Rain, fog, and night rides drastically reduce signal-to-noise ratio and contrast, so our visual pipeline adapts.
HDR fusion (3-exposure stack) handles high-dynamic scenes.
Auto-exposure tuning (EV ±3 range) uses histogram equalization for clarity under variable lighting.
Dedicated low-light models, trained on 200+ hours of night-ride footage, improve mean average precision by +18%.
Finally, we built a proprietary dataset from Indian roads, day, night, rain, and chaos included, to capture the edge cases others miss. Every deployment feeds back new data, and every mile on the road makes our model smarter.
How the System Learns and Evolves
Every BYTES-equipped vehicle doesn’t just react, it learns.

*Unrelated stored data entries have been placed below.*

definition sieve_block5 :: "sieve_entry list" where
  "sieve_block5 = [
    Keep, Keep, Split 7 1609, Split 19 593, Split 59 191, Keep, Keep, Split 29 389, Keep, Split 7 1613,
    Split 23 491, Split 11 1027, Keep, Split 89 127, Split 43 263, Keep, Keep, Keep, Split 13 871, Split 47 241,
    Keep, Split 7 1619, Split 17 667, Split 11 1031, Split 7 1621, Keep, Keep, Split 41 277, Split 37 307, Split 11 1033,
    Keep, Split 83 137, Split 31 367, Split 19 599, Keep, Split 59 193, Split 7 1627, Keep, Keep, Split 13 877,
    Split 11 1037, Keep, Split 101 113, Split 7 1631, Split 19 601, Keep, Split 11 1039, Split 7 1633, Keep, Split 17 673,
    Keep, Keep, Split 107 107, Split 13 881, Split 7 1637, Split 73 157, Keep, Keep, Split 7 1639, Split 23 499,
    Split 13 883, Keep, Keep, Keep, Keep, Split 7 1643, Keep, Split 37 311, Split 17 677, Split 29 397,
    Keep, Split 41 281, Keep, Split 13 887, Split 19 607, Split 83 139, Split 11 1049, Split 7 1649, Keep, Keep,
    Split 7 1651, Split 11 1051, Split 31 373, Split 43 269, Split 23 503, Split 71 163, Keep, Split 37 313, Keep, Split 67 173,
    Keep, Keep, Split 7 1657, Split 41 283, Split 13 893, Split 17 683, Keep, Keep, Split 59 197, Split 7 1661,
    Split 29 401, Keep, Split 103 113, Split 7 1663, Split 19 613, Split 61 191, Split 43 271, Keep, Split 89 131, Split 107 109,
    Split 7 1667, Split 11 1061, Keep, Keep, Split 7 1669, Split 13 899, Keep, Split 11 1063, Keep, Keep,
    Split 23 509, Split 7 1673, Split 13 901, Keep, Keep, Split 19 617, Split 37 317, Keep, Split 11 1067, Split 59 199,
    Keep, Split 17 691, Split 31 379, Split 7 1679, Split 11 1069, Split 19 619, Split 7 1681, Split 79 149, Split 61 193, Keep,
    Keep, Keep, Keep, Split 13 907, Split 47 251, Keep, Split 11 1073, Keep, Split 7 1687, Keep,
    Split 53 223, Keep, Keep, Keep, Keep, Split 7 1691, Keep, Split 13 911, Split 17 697, Split 7 1693,
    Split 71 167, Split 29 409, Keep, Keep, Split 11 1079, Split 31 383, Split 7 1697, Split 109 109, Keep, Split 11 1081,
    Split 7 1699, Keep, Split 73 163, Keep, Keep, Split 43 277, Split 17 701, Split 7 1703, Keep, Keep,
    Split 79 151, Keep, Keep, Keep, Split 13 919, Split 17 703, Keep, Split 11 1087, Keep, Split 7 1709,
    Keep, Keep, Split 7 1711, Keep, Split 23 521, Keep, Split 19 631, Split 67 179, Split 13 923, Split 11 1091,
    Keep, Keep, Split 41 293, Split 61 197, Split 7 1717, Split 11 1093, Split 23 523, Split 53 227, Keep, Keep,
    Keep, Split 7 1721, Keep, Split 17 709, Split 31 389, Split 7 1723, Split 11 1097, Keep, Keep, Split 13 929,
    Split 47 257, Split 43 281, Split 7 1727, Split 107 113, Keep, Keep, Split 7 1729, Keep, Keep, Keep,
    Keep, Split 17 713, Split 67 181, Split 7 1733, Split 11 1103, Split 53 229, Split 61 199, Keep, Keep, Split 29 419,
    Keep, Keep, Keep, Split 23 529, Split 43 283, Split 7 1739, Split 19 641, Split 13 937, Split 7 1741, Split 73 167,
    Split 89 137, Keep, Split 11 1109, Keep, Split 29 421, Keep, Split 19 643, Split 11 1111, Split 17 719, Keep,
    Split 7 1747, Split 13 941, Keep, Keep, Split 37 331, Keep, Keep, Split 7 1751, Split 13 943, Keep,
    Keep, Split 7 1753, Keep, Keep, Split 71 173, Split 11 1117, Keep, Split 19 647, Split 7 1757, Keep,
    Split 31 397, Split 13 947, Split 7 1759, Split 109 113, Split 97 127, Keep, Keep, Split 11 1121, Split 13 949, Split 7 1763,
    Keep, Keep, Split 53 233, Split 11 1123, Split 17 727, Split 47 263, Split 83 149, Split 89 139, Keep, Keep,
    Keep, Split 7 1769, Split 13 953, Keep, Split 7 1771, Keep, Split 79 157, Split 19 653, Keep, Keep,
    Split 11 1129, Keep, Split 17 731, Split 31 401, Keep, Keep, Split 7 1777, Split 23 541, Split 59 211, Keep,
    Keep, Split 17 733, Split 11 1133, Split 7 1781, Split 37 337, Keep, Keep, Split 7 1783, Keep, Keep,
    Split 13 961, Keep, Split 29 431, Keep, Split 7 1787, Keep, Keep, Split 19 659, Split 7 1789, Keep,
    Split 11 1139, Split 83 151, Keep, Keep, Keep, Split 7 1793, Keep, Split 29 433, Split 19 661, Split 17 739,
    Keep, Split 13 967, Keep, Split 23 547, Keep, Split 41 307, Keep, Split 7 1799, Split 43 293, Keep,
    Split 7 1801, Keep, Keep, Split 11 1147, Keep, Split 13 971, Split 73 173, Split 17 743, Keep, Keep,
    Split 47 269, Keep, Split 7 1807, Keep, Keep, Split 11 1151, Split 53 239, Keep, Split 19 667, Split 7 1811,
    Split 31 409, Split 11 1153, Keep, Split 7 1813, Keep, Split 13 977, Keep, Split 97 131, Split 71 179, Keep,
    Split 7 1817, Keep, Split 11 1157, Split 29 439, Split 7 1819, Split 47 271, Keep, Keep, Split 11 1159, Split 41 311,
    Keep, Split 7 1823, Keep, Split 17 751, Split 113 113, Split 53 241, Split 13 983, Keep, Split 19 673, Keep,
    Split 11 1163, Split 67 191, Keep, Split 7 1829, Keep, Split 23 557, Split 7 1831, Keep, Keep, Split 101 127,
    Keep, Split 41 313, Split 37 347, Keep, Split 29 443, Split 71 181, Keep, Split 13 989, Split 7 1837, Split 19 677,
    Split 17 757, Split 61 211, Split 79 163, Split 11 1171, Split 13 991, Split 7 1841, Keep, Keep, Keep, Split 7 1843,
    Keep, Keep, Split 37 349, Keep, Keep, Keep, Split 7 1847, Split 67 193, Split 17 761, Keep,
    Split 7 1849, Split 11 1177, Split 23 563, Keep, Keep, Split 13 997, Keep, Split 7 1853, Keep, Split 19 683,
    Keep, Keep, Split 31 419, Split 11 1181, Split 41 317, Keep, Keep, Keep, Keep, Split 7 1859,
    Split 47 277, Split 29 449, Split 7 1861, Split 83 157, Keep, Keep, Split 13 1003, Keep, Keep, Split 31 421,
    Split 11 1187, Split 37 353, Keep, Split 73 179, Split 7 1867, Split 17 769, Split 11 1189, Split 103 127, Split 23 569, Split 13 1007,
    Keep, Split 7 1871, Keep, Keep, Keep, Split 7 1873, Split 13 1009, Keep, Split 11 1193, Keep,
    Split 19 691, Split 23 571, Split 7 1877, Split 17 773, Keep, Keep, Split 7 1879, Split 59 223, Keep, Keep,
    Split 13 1013, Keep, Keep, Split 7 1883, Keep, Keep, Split 11 1199, Split 79 167, Split 67 197, Split 43 307,
    Split 47 281, Split 11 1201, Split 73 181, Keep, Keep, Split 7 1889, Keep, Split 101 131, Split 7 1891, Keep,
    Split 17 779, Split 13 1019, Keep, Split 29 457, Keep, Split 89 149, Keep, Split 23 577, Split 13 1021, Split 11 1207,
    Split 7 1897, Split 37 359, Split 97 137, Keep, Keep, Split 47 283, Split 53 251, Split 7 1901, Keep, Keep,
    Split 19 701, Split 7 1903, Keep, Keep, Split 67 199, Keep, Keep, Split 11 1213, Split 7 1907, Split 13 1027,
    Split 19 703, Split 31 431, Split 7 1909, Keep, Split 29 461, Split 43 311, Split 17 787, Keep, Split 11 1217, Split 7 1913,
    Split 59 227, Keep, Keep, Split 13 1031, Split 11 1219, Keep, Keep, Keep, Split 31 433, Split 29 463,
    Split 13 1033, Split 7 1919, Split 89 151, Keep, Split 7 1921, Keep, Split 11 1223, Keep, Split 43 313, Keep,
    Keep, Split 19 709, Keep, Split 13 1037, Split 97 139, Keep, Split 7 1927, Split 103 131, Keep, Split 23 587]"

Each ride, each alert, each kilometer helps the system understand India’s roads a little better.
Our vision platform continuously gathers real-world cues:
Road conditions: detecting potholes, uneven surfaces, and lane quality.
Traffic behavior: spotting near-misses, sudden lane changes, and braking patterns that reveal risky zones.
Environmental context: adapting to night rides, rain, fog, and glare through data captured in real traffic.
All this information feeds back into our AI models, making them sharper, faster, and more reliable with every deployment. The more bike on the road, the more diverse scenarios our system learns from, from city intersections to rural highways.
Every kilometer ridden makes the next ride safer.
Final Thought: Affordable, Semantic Safety for the Many
Two principles shape BYTE’S product DNA:
The best safety is anticipatory and semantic.
True impact comes only through affordability and retrofitability.
Cameras unlock semantics. Our AI converts semantics into actionable predictions. Fleets and riders, in turn, provide the scale of data that makes the system more reliable with every ride.
Just as helmets and ABS were once resisted but eventually mandated, the next logical step is a safety layer that understands the world around a rider, and intervenes before a small lapse becomes a fatal crash.
That’s why BYTES is building a vision-first, AI-native platform: to make this level of safety real, affordable, and inevitable.